Effect of Radiation, Heat, and Aging on In Vitro Wear Resistance of Polyethylene

Radiation cross-linking increases the wear resistance of polyethylene used in total hip replacement. Radiation also generates residual free radicals, which are detrimental to long-term properties of polyethylene. Two approaches are used to stabilize the residual free radicals and terminally sterilize the components. One is postirradiation annealing with gas sterilization and the other is postirradiation melting with gamma sterilization in nitrogen. The hypothesis of the current study is that postirradiation annealing followed by gamma sterilization in nitrogen will result in more free radicals in polyethylene than gamma sterilization either in air or in nitrogen alone.

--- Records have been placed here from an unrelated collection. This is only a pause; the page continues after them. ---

(* Write F_D(h) = |A \<inter> (D + h)|, so that L(A, D) = \<integral> |h|^(-p) F_D(h) dh with p = n + 2s.
   The function G = F_(-A) is subadditive, hence G(m h) \<le> m G(h), and since
   G(h) = |A| - |A \<inter> (A + h)| with |A| = 1, its integral over any set S is at least |S| - 1.
   On an annulus of radius R and volume V \<ge> 2 this gives \<integral> G \<ge> V - 1, and rescaling by m
   gives \<integral> G \<ge> (V - 1) / m^(n+1) on the annulus of radius R/m. As G \<le> F_D + |B|, a quarter
   of this survives for F_D while 4 m |B| \<le> 1, and the weight |h|^(-p) \<ge> (m/R)^p turns it
   into a contribution of order m^(2s-1). Summing over the dyadic scales m = 2^k \<le> 1/(4|B|)
   gives a constant for s < 1/2, the number of scales \<approx> log(1/|B|) for s = 1/2, and the
   last term \<approx> |B|^(1-2s) for s > 1/2. *)

lemma nn_integral_lborel_affine:
  fixes t :: "'a::euclidean_space"
  assumes [measurable]: "f \<in> borel_measurable borel" and c: "c \<noteq> 0"
  shows "(\<integral>\<^sup>+x. f x \<partial>lborel) = ennreal (\<bar>c\<bar> ^ DIM('a)) * (\<integral>\<^sup>+x. f (t + c *\<^sub>R x) \<partial>lborel)"
  by (subst lborel_affine[OF c, of t])
     (simp add: nn_integral_density nn_integral_distr nn_integral_cmult)

lemma nn_integral_lborel_translate:
  fixes h :: "'a::euclidean_space"
  assumes [measurable]: "f \<in> borel_measurable borel"
  shows "(\<integral>\<^sup>+x. f (x - h) \<partial>lborel) = (\<integral>\<^sup>+x. f x \<partial>lborel)"
  using nn_integral_lborel_affine[OF assms, of 1 "-h"] by (simp add: algebra_simps)

lemma nn_integral_lborel_reflect:
  fixes x :: "'a::euclidean_space"
  assumes [measurable]: "f \<in> borel_measurable borel"
  shows "(\<integral>\<^sup>+h. f (x - h) \<partial>lborel) = (\<integral>\<^sup>+h. f h \<partial>lborel)"
  using nn_integral_lborel_affine[OF assms, of "-1" x] by (simp add: algebra_simps)

definition overlap :: "'a::euclidean_space set \<Rightarrow> 'a set \<Rightarrow> 'a \<Rightarrow> ennreal" where
  "overlap A D h = (\<integral>\<^sup>+x. indicator A x * indicator D (x - h) \<partial>lborel)"

lemma borel_measurable_overlap [measurable]:
  assumes [measurable]: "A \<in> sets borel" "D \<in> sets borel"
  shows "overlap A D \<in> borel_measurable borel"
  unfolding overlap_def by measurable

lemma overlap_compl_add_le:
  fixes A :: "'a::euclidean_space set"
  assumes [measurable]: "A \<in> sets borel"
  shows "overlap A (-A) (h + k) \<le> overlap A (-A) h + overlap A (-A) k"
proof -
  have "overlap A (-A) (h + k) \<le> (\<integral>\<^sup>+x. indicator A x * indicator (-A) (x - h) +
      indicator A (x - h) * indicator (-A) (x - h - k) \<partial>lborel)"
    unfolding overlap_def
    by (rule nn_integral_mono) (auto simp: algebra_simps split: split_indicator)
  also have "\<dots> = overlap A (-A) h + (\<integral>\<^sup>+x. indicator A (x - h) * indicator (-A) (x - h - k) \<partial>lborel)"
    unfolding overlap_def by (rule nn_integral_add) measurable
  also have "(\<integral>\<^sup>+x. indicator A (x - h) * indicator (-A) (x - h - k) \<partial>lborel) = overlap A (-A) k"
    unfolding overlap_def
    using nn_integral_lborel_translate[of "\<lambda>y. indicator A y * indicator (-A) (y - k) :: ennreal" h]
    by simp
  finally show ?thesis .
qed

To test this hypothesis, concentration of residual free radicals was quantified in polyethylene that was annealed and gamma sterilized in nitrogen and control polyethylenes gamma sterilized in air versus in nitrogen. Three crosslinked polyethylenes that were melted and gas sterilized also were included in the study. The effects of residual free radicals were studied by accelerated aging. Oxidation levels and weight loss in bidirectional pin-on-disk tests were determined before and after aging. Polyethylene that was subjected to postirradiation annealing and gamma sterilization resulted in 58% more residual free radicals than control polyethylenes. Weight loss of the annealed polyethylene increased by 16-fold on accelerated aging and had three times higher oxidation levels than that measured in control polyethylenes after aging. In contrast, polyethylenes that were stabilized with postirradiation melting and terminally gas sterilized showed no detectable residual free radicals. Accelerated aging did not affect the weight loss and oxidation levels of melted polyethylenes.